▸ PROBLEM TO WORK ON
Repeat the stretch of entries below from the line with "(fst x * fst" through the line with "for i > deg;". Include both ends and add nothing.

Records from a data source
· · ·
(* Let $A$ and $B$ be rings, $f: A\to B$ a ring homomorphism and $J$ a proper ideal of $B$ such that $J$ is semicommutative. If $A$ is a weak Armendariz ring, then $A\bowtie^{f}J$ is a weak Armendariz ring.
   Context: All rings are associative with identity (not necessarily commutative), ring homomorphisms are unital, and ideals are two-sided. $\mathrm{nil}(R)$ denotes the set of nilpotent elements of a ring $R$. For a ring homomorphism $f:A\to B$ and an ideal $J$ of $B$, the amalgamation is the subring $A\bowtie^{f}J=\{(a,f(a)+j)\mid a\in A,\ j\in J\}$ of $A\times B$. A ring $R$ (possibly without identity, e.g. an ideal regarded as a ring) is semicommutative if for all $a,b\in R$, $ab=0$ implies $aRb=0$. A ring $R$ is weak Armendariz if whenever $p(x)=\sum_{i=0}^n a_ix^i$ and $q(x)=\sum_{j=0}^m b_jx^j$ in $R[x]$ satisfy $p(x)q(x)=0$, then $a_ib_j\in\mathrm{nil}(R)$ for all $i,j$. *)

theory Defs
  imports Main "HOL-Library.Product_Plus"
begin

instantiation prod :: (times, times) times
begin
definition times_prod_def: "x * y = (fst x * fst y, snd x * snd y)"
instance ..
end

instantiation prod :: (one, one) one
begin
definition one_prod_def: "1 = (1, 1)"
instance ..
end

instance prod :: (ring_1, ring_1) ring_1
  by standard (auto simp: times_prod_def one_prod_def zero_prod_def plus_prod_def
      algebra_simps prod_eq_iff)

definition ring_hom :: "('a::ring_1 \<Rightarrow> 'b::ring_1) \<Rightarrow> bool" where
  "ring_hom f \<longleftrightarrow> f 1 = 1 \<and> (\<forall>x y. f (x + y) = f x + f y) \<and> (\<forall>x y. f (x * y) = f x * f y)"

definition two_sided_ideal :: "'b::ring_1 set \<Rightarrow> bool" where
  "two_sided_ideal J \<longleftrightarrow> 0 \<in> J \<and> (\<forall>x\<in>J. \<forall>y\<in>J. x + y \<in> J) \<and> (\<forall>x\<in>J. - x \<in> J)
     \<and> (\<forall>r x. x \<in> J \<longrightarrow> r * x \<in> J \<and> x * r \<in> J)"

text \<open>An ideal J regarded as a ring without identity is semicommutative.\<close>
definition semicommutative_on :: "'b::ring_1 set \<Rightarrow> bool" where
  "semicommutative_on J \<longleftrightarrow>
     (\<forall>a\<in>J. \<forall>b\<in>J. a * b = 0 \<longrightarrow> (\<forall>r\<in>J. a * r * b = 0))"

definition amalg :: "('a::ring_1 \<Rightarrow> 'b::ring_1) \<Rightarrow> 'b set \<Rightarrow> ('a \<times> 'b) set" where
  "amalg f J = {(a, f a + j) | a j. j \<in> J}"

definition nil_on :: "'r::ring_1 set \<Rightarrow> 'r set" where
  "nil_on S = {x \<in> S. \<exists>k. x ^ k = 0}"

text \<open>Polynomials over S
  are represented by coefficient sequences p with p i \<in> S for all i and p i = 0
  for i > deg; the product pq has k-th coefficient \<Sum>i\<le>k. p i * q (k - i).\<close>
definition weak_armendariz_on :: "'r::ring_1 set \<Rightarrow> bool" where
  "weak_armendariz_on S \<longleftrightarrow>
     (\<forall>(p::nat \<Rightarrow> 'r) q n m.
        (\<forall>i. p i \<in> S) \<and> (\<forall>i. q i \<in> S) \<and> (\<forall>i>n. p i = 0) \<and> (\<forall>j>m. q j = 0)
        \<and> (\<forall>k. (\<Sum>i\<le>k. p i * q (k - i)) = 0)
        \<longrightarrow> (\<forall>i j. p i * q j \<in> nil_on S))"

end

theory Submission
  imports Defs
begin

text \<open>Let \<open>pq = 0\<close> over \<open>A \<bowtie>\<^sup>f J\<close> and \<open>z = p\<^sub>i q\<^sub>j\<close>. Projecting to \<open>A\<close>, weak Armendariz gives
  \<open>fst z\<^sup>n = 0\<close>, hence \<open>d = (snd z)\<^sup>n \<in> J\<close>. The series \<open>d\<cdot>snd p\<close> and \<open>snd q\<cdot>d\<close> have coefficients
  in \<open>J\<close> and zero product, and their \<open>(i, j)\<close> coefficient product is \<open>(snd z)\<^sup>2\<^sup>n\<^sup>+\<^sup>1\<close>. So it suffices
  that in a semicommutative ring without identity the nilpotent elements form an ideal and
  zero products of power series have nilpotent coefficient products; both follow from
  semicommutativity by annihilator arguments.\<close>

lemma power_mult_shift: "y * (x * y) ^ n = (y * x) ^ n * y"
  for x y :: "'a::monoid_mult"
  by (induction n) (simp_all add: power_Suc2 mult.assoc[symmetric], simp add: mult.assoc)

locale semicommutative_subrng =
  fixes J :: "'b::ring_1 set"
  assumes zero_mem: "0 \<in> J"
    and add_mem: "x \<in> J \<Longrightarrow> y \<in> J \<Longrightarrow> x + y \<in> J"
    and uminus_mem: "x \<in> J \<Longrightarrow> - x \<in> J"
    and mult_mem: "x \<in> J \<Longrightarrow> y \<in> J \<Longrightarrow> x * y \<in> J"
    and semicommutative: "semicommutative_on J"

lemma semicommutative_subrng_if_ideal:
  "two_sided_ideal J \<Longrightarrow> semicommutative_on J \<Longrightarrow> semicommutative_subrng J"
  unfolding two_sided_ideal_def by unfold_locales auto

text \<open>\<open>x\<close> is killed from both sides by every pair of multipliers from \<open>J \<union> {1}\<close> that kills
  \<open>a\<^sup>m\<close>. Semicommutativity makes this relation multiplicative in \<open>(m, x)\<close>.\<close>
definition dominated_by_pow :: "'b::ring_1 set \<Rightarrow> 'b \<Rightarrow> nat \<Rightarrow> 'b \<Rightarrow> bool" where
  "dominated_by_pow J a m x \<longleftrightarrow> x \<in> insert 1 J \<and>
     (\<forall>w\<in>insert 1 J. \<forall>y\<in>insert 1 J. w * a ^ m * y = 0 \<longrightarrow> w * x * y = 0)"

context semicommutative_subrng
begin

lemma mult_mem_insert_one: "x \<in> insert 1 J \<Longrightarrow> y \<in> insert 1 J \<Longrightarrow> x * y \<in> insert 1 J"
  using mult_mem by auto

lemma mult_mem_insert_one_left: "x \<in> insert 1 J \<Longrightarrow> y \<in> J \<Longrightarrow> x * y \<in> J"
  using mult_mem by auto

lemma power_mem_insert_one: "a \<in> J \<Longrightarrow> a ^ m \<in> insert 1 J"
  by (induction m) (simp, metis mult_mem_insert_one insertI2 power_Suc)

lemma semicommutative_insert_one:
  "w \<in> insert 1 J \<Longrightarrow> y \<in> insert 1 J \<Longrightarrow> s \<in> J \<Longrightarrow> w * y = 0 \<Longrightarrow> w * s * y = 0"
  using semicommutative unfolding semicommutative_on_def by auto

lemma dominated_by_pow_0: "x \<in> insert 1 J \<Longrightarrow> dominated_by_pow J a 0 x"
  unfolding dominated_by_pow_def using semicommutative_insert_one by auto

lemma dominated_by_pow_1: "a \<in> J \<Longrightarrow> dominated_by_pow J a 1 a"
  unfolding dominated_by_pow_def by auto

lemma dominated_by_pow_zero: "dominated_by_pow J a m 0"
  unfolding dominated_by_pow_def using zero_mem by auto

lemma dominated_by_pow_add:
  "dominated_by_pow J a m x \<Longrightarrow> dominated_by_pow J a m y \<Longrightarrow> x \<in> J \<Longrightarrow> y \<in> J
    \<Longrightarrow> dominated_by_pow J a m (x + y)"
  unfolding dominated_by_pow_def using add_mem by (auto simp: distrib_left distrib_right)
lemma norm_less_fps_conv_radius_power:
  "norm z < fps_conv_radius f \<Longrightarrow> norm (z :: complex) < fps_conv_radius (f ^ k)"
  using fps_conv_radius_power[of f k] by (meson less_le_trans)

lemmas norm_less_fps_conv_radius_arith =
  norm_less_fps_conv_radius_add norm_less_fps_conv_radius_diff
  norm_less_fps_conv_radius_mult norm_less_fps_conv_radius_power

lemmas eval_fps_arith = eval_fps_add eval_fps_diff eval_fps_mult eval_fps_power

lemma csqrt_eqI:
  assumes "w\<^sup>2 = u" "norm (1 - w) < 1"
  shows "csqrt u = w"
proof (rule csqrt_unique)
  have "Re (1 - w) < 1"
    using abs_Re_le_cmod[of "1 - w"] assms(2) by linarith
  then show "0 < Re w \<or> Re w = 0 \<and> 0 \<le> Im w"
    by simp
qed (use assms(1) in simp)

lemma sums_triangular_array:
  fixes a :: "nat \<Rightarrow> nat \<Rightarrow> complex"
  assumes zero: "\<And>p n. n < p \<Longrightarrow> a p n = 0"
    and abs_summable: "summable (\<lambda>n. \<Sum>p\<le>n. norm (a p n))"
    and rows: "\<And>p. (\<lambda>n. a p n) sums b p"
  shows "\<exists>S. (\<lambda>n. \<Sum>p\<le>n. a p n) sums S \<and> b sums S"
proof -
  define g where "g = (\<lambda>(n, p). a p n)"
  have column: "((\<lambda>p. h (a p n)) has_sum (\<Sum>p\<le>n. h (a p n))) UNIV"
    if "h 0 = 0" for h :: "complex \<Rightarrow> 'b :: {topological_comm_monoid_add, t2_space}" and n
    by (rule has_sum_finite_neutralI) (use zero that in \<open>auto simp: not_le\<close>)
  have "(\<lambda>x. norm (g x)) summable_on (UNIV \<times> UNIV)"
  proof (rule summable_on_SigmaI)
    show "((\<lambda>p. norm (g (n, p))) has_sum (\<Sum>p\<le>n. norm (a p n))) UNIV" for n
      using column[of norm n] by (simp add: g_def)
    show "(\<lambda>n. \<Sum>p\<le>n. norm (a p n)) summable_on UNIV"
      using abs_summable by (subst summable_on_UNIV_nonneg_real_iff) (auto intro: sum_nonneg)
  qed auto
  then have g_summable: "g summable_on (UNIV \<times> UNIV)"
    using summable_on_iff_abs_summable_on_complex by blast
  have norm_summable: "summable (\<lambda>n. norm (\<Sum>p\<le>n. a p n))"
    by (rule summable_comparison_test'[OF abs_summable]) (simp add: norm_sum)
  obtain S where S: "(\<lambda>n. \<Sum>p\<le>n. a p n) sums S"
    using summable_norm_cancel[OF norm_summable] by (auto simp: summable_def)
  have "(g has_sum S) (UNIV \<times> UNIV)"
  proof (rule has_sum_SigmaI[OF _ _ g_summable])
    show "((\<lambda>p. g (n, p)) has_sum (\<Sum>p\<le>n. a p n)) UNIV" for n
      using column[of id n] by (simp add: g_def)
    show "((\<lambda>n. \<Sum>p\<le>n. a p n) has_sum S) UNIV"
      by (rule norm_summable_imp_has_sum[OF norm_summable S])
  qed
  from has_sum_swap[THEN iffD1, OF this]
  have "((\<lambda>(p, n). a p n) has_sum S) (UNIV \<times> UNIV)"
    by (simp add: g_def case_prod_unfold)
  then have "(b has_sum S) UNIV"
  proof (rule has_sum_Sigma')
    fix p :: nat
    have "norm (a p n) \<le> (\<Sum>p\<le>n. norm (a p n))" for n
      by (cases "p \<le> n") (auto intro: member_le_sum sum_nonneg simp: zero not_le)
    then have "summable (\<lambda>n. norm (a p n))"
      by (intro summable_comparison_test'[OF abs_summable]) simp
    then show "((\<lambda>n. (\<lambda>(p, n). a p n) (p, n)) has_sum b p) UNIV"
      using norm_summable_imp_has_sum[OF _ rows[of p]] by simp
  qed
  then have "b sums S"
    by (rule has_sum_imp_sums)
  with S show ?thesis
    by blast
qed

section \<open>Forests and their generating functions\<close>

definition forest_size :: "utree list \<Rightarrow> nat" where
  "forest_size ts = length ts + sum_list (map tsize ts)"

lemma forest_size_Nil [simp]: "forest_size [] = 0"
  and forest_size_Cons [simp]: "forest_size (t # ts) = Suc (tsize t) + forest_size ts"
  by (simp_all add: forest_size_def)

lemma tsize_Node: "tsize (Node a ts) = forest_size ts"
  by (simp add: forest_size_def)

definition trees_of_size :: "utree set \<Rightarrow> nat \<Rightarrow> utree set" where
  "trees_of_size X n = {t \<in> X. tsize t = n}"

definition forests_of_size :: "utree set \<Rightarrow> nat \<Rightarrow> utree list set" where
  "forests_of_size X n = {ts. set ts \<subseteq> X \<and> forest_size ts = n}"

lemma forests_of_size_0: "forests_of_size X 0 = {[]}"
  by (auto simp: forests_of_size_def forest_size_def)

lemma forests_of_size_Suc:
  "forests_of_size X (Suc n) =
     (\<Union>k\<le>n. (\<lambda>(t, ts). t # ts) ` (trees_of_size X k \<times> forests_of_size X (n - k)))"
proof (intro equalityI subsetI)
  fix ts assume "ts \<in> forests_of_size X (Suc n)"
  then obtain t us where "ts = t # us" "t \<in> X" "set us \<subseteq> X" "Suc (tsize t) + forest_size us = Suc n"
    by (cases ts) (auto simp: forests_of_size_def)
  then show "ts \<in> (\<Union>k\<le>n. (\<lambda>(t, ts). t # ts) ` (trees_of_size X k \<times> forests_of_size X (n - k)))"
    by (auto simp: trees_of_size_def forests_of_size_def
        intro!: bexI[of _ "tsize t"] image_eqI[of _ _ "(t, us)"])
qed (auto simp: trees_of_size_def forests_of_size_def)

lemma finite_forests_of_size:
  assumes "\<And>k. k < n \<Longrightarrow> finite (trees_of_size X k)"
  shows "finite (forests_of_size X n)"
  using assms
proof (induction n rule: less_induct)
  case (less n)
  show ?case
  proof (cases n)
    case 0
    then show ?thesis by (simp add: forests_of_size_0)
  next
    case (Suc n')
    have "finite (forests_of_size X (Suc n'))"
      unfolding forests_of_size_Suc using less Suc
      by (intro finite_UN_I finite_imageI finite_cartesian_product) auto
    then show ?thesis using Suc by simp
  qed
qed

lemma sum_forests_of_size_Suc:
  assumes "\<And>k. k \<le> n \<Longrightarrow> finite (trees_of_size X k)"
  shows "(\<Sum>ts\<in>forests_of_size X (Suc n). g ts) =
         (\<Sum>k\<le>n. \<Sum>t\<in>trees_of_size X k. \<Sum>ts\<in>forests_of_size X (n - k). g (t # ts))"
proof -
  have fin: "finite (forests_of_size X j)" if "j \<le> n" for j
    using assms that by (intro finite_forests_of_size) auto
  have inj: "inj_on (\<lambda>(t, ts). t # ts) A" for A :: "(utree \<times> utree list) set"
    by (auto simp: inj_on_def)
  have "(\<Sum>ts\<in>forests_of_size X (Suc n). g ts) =
        (\<Sum>k\<le>n. \<Sum>ts\<in>(\<lambda>(t, ts). t # ts) ` (trees_of_size X k \<times> forests_of_size X (n - k)). g ts)"
    unfolding forests_of_size_Suc
    by (rule sum.UNION_disjoint) (use assms fin in \<open>auto simp: trees_of_size_def forests_of_size_def\<close>)
  also have "\<dots> = (\<Sum>k\<le>n. \<Sum>(t, ts)\<in>trees_of_size X k \<times> forests_of_size X (n - k). g (t # ts))"
    by (intro sum.cong refl, subst sum.reindex[OF inj]) (simp add: case_prod_unfold)
  finally show ?thesis
    by (simp add: sum.cartesian_product)
qed

definition tree_gf :: "utree set \<Rightarrow> complex fps" where
  "tree_gf X = Abs_fps (\<lambda>n. of_nat (card (trees_of_size X n)))"

definition forest_gf :: "utree set \<Rightarrow> complex fps" where
  "forest_gf X = Abs_fps (\<lambda>n. of_nat (card (forests_of_size X n)))"

definition forest_length_gf :: "utree set \<Rightarrow> complex fps" where
  "forest_length_gf X = Abs_fps (\<lambda>n. of_nat (\<Sum>ts\<in>forests_of_size X n. length ts))"

lemma forest_gf_eq:
  assumes "\<And>k. finite (trees_of_size X k)"
  shows "forest_gf X = 1 + fps_X * (tree_gf X * forest_gf X)"
proof (rule fps_ext)
  fix n
  show "fps_nth (forest_gf X) n = fps_nth (1 + fps_X * (tree_gf X * forest_gf X)) n"
  proof (cases n)
    case 0
    then show ?thesis by (simp add: forest_gf_def forests_of_size_0)
  next
    case (Suc n')
    have "card (forests_of_size X (Suc n')) =
          (\<Sum>k\<le>n'. card (trees_of_size X k) * card (forests_of_size X (n' - k)))"
      using sum_forests_of_size_Suc[of n' X "\<lambda>_. 1 :: nat"] assms by simp
    moreover have "fps_nth (tree_gf X * forest_gf X) n' =
        (\<Sum>k\<le>n'. of_nat (card (trees_of_size X k)) * of_nat (card (forests_of_size X (n' - k))))"
      by (simp add: fps_mult_nth atLeast0AtMost tree_gf_def forest_gf_def)
    ultimately show ?thesis
      using Suc by (simp add: forest_gf_def)
  qed
qed

lemma forest_length_gf_eq:
  assumes "\<And>k. finite (trees_of_size X k)"
  shows "forest_length_gf X = fps_X * (tree_gf X * (forest_gf X + forest_length_gf X))"
proof (rule fps_ext)
  fix n
  show "fps_nth (forest_length_gf X) n =
        fps_nth (fps_X * (tree_gf X * (forest_gf X + forest_length_gf X))) n"
  proof (cases n)
    case 0
    then show ?thesis by (simp add: forest_length_gf_def forests_of_size_0)
  next
    case (Suc n')
    have "(\<Sum>ts\<in>forests_of_size X (Suc n'). length ts) =
          (\<Sum>k\<le>n'. card (trees_of_size X k) *
             (card (forests_of_size X (n' - k)) + (\<Sum>ts\<in>forests_of_size X (n' - k). length ts)))"
      using sum_forests_of_size_Suc[of n' X length] assms by (simp add: sum_Suc add.commute)
    then have "(of_nat (\<Sum>ts\<in>forests_of_size X (Suc n'). length ts) :: complex) =
        of_nat (\<Sum>k\<le>n'. card (trees_of_size X k) *
             (card (forests_of_size X (n' - k)) + (\<Sum>ts\<in>forests_of_size X (n' - k). length ts)))"
      by (rule arg_cong)
    moreover have "fps_nth (tree_gf X * (forest_gf X + forest_length_gf X)) n' =
        (\<Sum>k\<le>n'. of_nat (card (trees_of_size X k)) *
           (of_nat (card (forests_of_size X (n' - k))) +
            of_nat (\<Sum>ts\<in>forests_of_size X (n' - k). length ts)))"
      by (simp add: fps_mult_nth atLeast0AtMost tree_gf_def forest_gf_def forest_length_gf_def)
    ultimately show ?thesis
      using Suc by (simp add: forest_length_gf_def)
  qed
qed

section \<open>Labelled trees and trees avoiding a subtree\<close>

definition labelled_trees :: "nat \<Rightarrow> utree set" where
  "labelled_trees m = {t. labelled_in m t}"

definition avoiding :: "nat \<Rightarrow> utree \<Rightarrow> utree set" where
  "avoiding m s = {t. labelled_in m t \<and> s \<notin> subtrees t}"

definition nodes_over :: "nat \<Rightarrow> utree set \<Rightarrow> nat \<Rightarrow> utree set" where
  "nodes_over m X n = (\<lambda>(a, ts). Node a ts) ` ({1..m} \<times> forests_of_size X n)"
· · ·
▸ PROBLEM SOLUTION
definition times_prod_def: "x * y = (fst x * fst y, snd x * snd y)"
instance ..
end

instantiation prod :: (one, one) one
begin
definition one_prod_def: "1 = (1, 1)"
instance ..
end

instance prod :: (ring_1, ring_1) ring_1
  by standard (auto simp: times_prod_def one_prod_def zero_prod_def plus_prod_def
      algebra_simps prod_eq_iff)

definition ring_hom :: "('a::ring_1 \<Rightarrow> 'b::ring_1) \<Rightarrow> bool" where
  "ring_hom f \<longleftrightarrow> f 1 = 1 \<and> (\<forall>x y. f (x + y) = f x + f y) \<and> (\<forall>x y. f (x * y) = f x * f y)"

definition two_sided_ideal :: "'b::ring_1 set \<Rightarrow> bool" where
  "two_sided_ideal J \<longleftrightarrow> 0 \<in> J \<and> (\<forall>x\<in>J. \<forall>y\<in>J. x + y \<in> J) \<and> (\<forall>x\<in>J. - x \<in> J)
     \<and> (\<forall>r x. x \<in> J \<longrightarrow> r * x \<in> J \<and> x * r \<in> J)"

text \<open>An ideal J regarded as a ring without identity is semicommutative.\<close>
definition semicommutative_on :: "'b::ring_1 set \<Rightarrow> bool" where
  "semicommutative_on J \<longleftrightarrow>
     (\<forall>a\<in>J. \<forall>b\<in>J. a * b = 0 \<longrightarrow> (\<forall>r\<in>J. a * r * b = 0))"

definition amalg :: "('a::ring_1 \<Rightarrow> 'b::ring_1) \<Rightarrow> 'b set \<Rightarrow> ('a \<times> 'b) set" where
  "amalg f J = {(a, f a + j) | a j. j \<in> J}"

definition nil_on :: "'r::ring_1 set \<Rightarrow> 'r set" where
  "nil_on S = {x \<in> S. \<exists>k. x ^ k = 0}"

text \<open>Polynomials over S
  are represented by coefficient sequences p with p i \<in> S for all i and p i = 0
  for i > deg; the product pq has k-th coefficient \<Sum>i\<le>k. p i * q (k - i).\<close>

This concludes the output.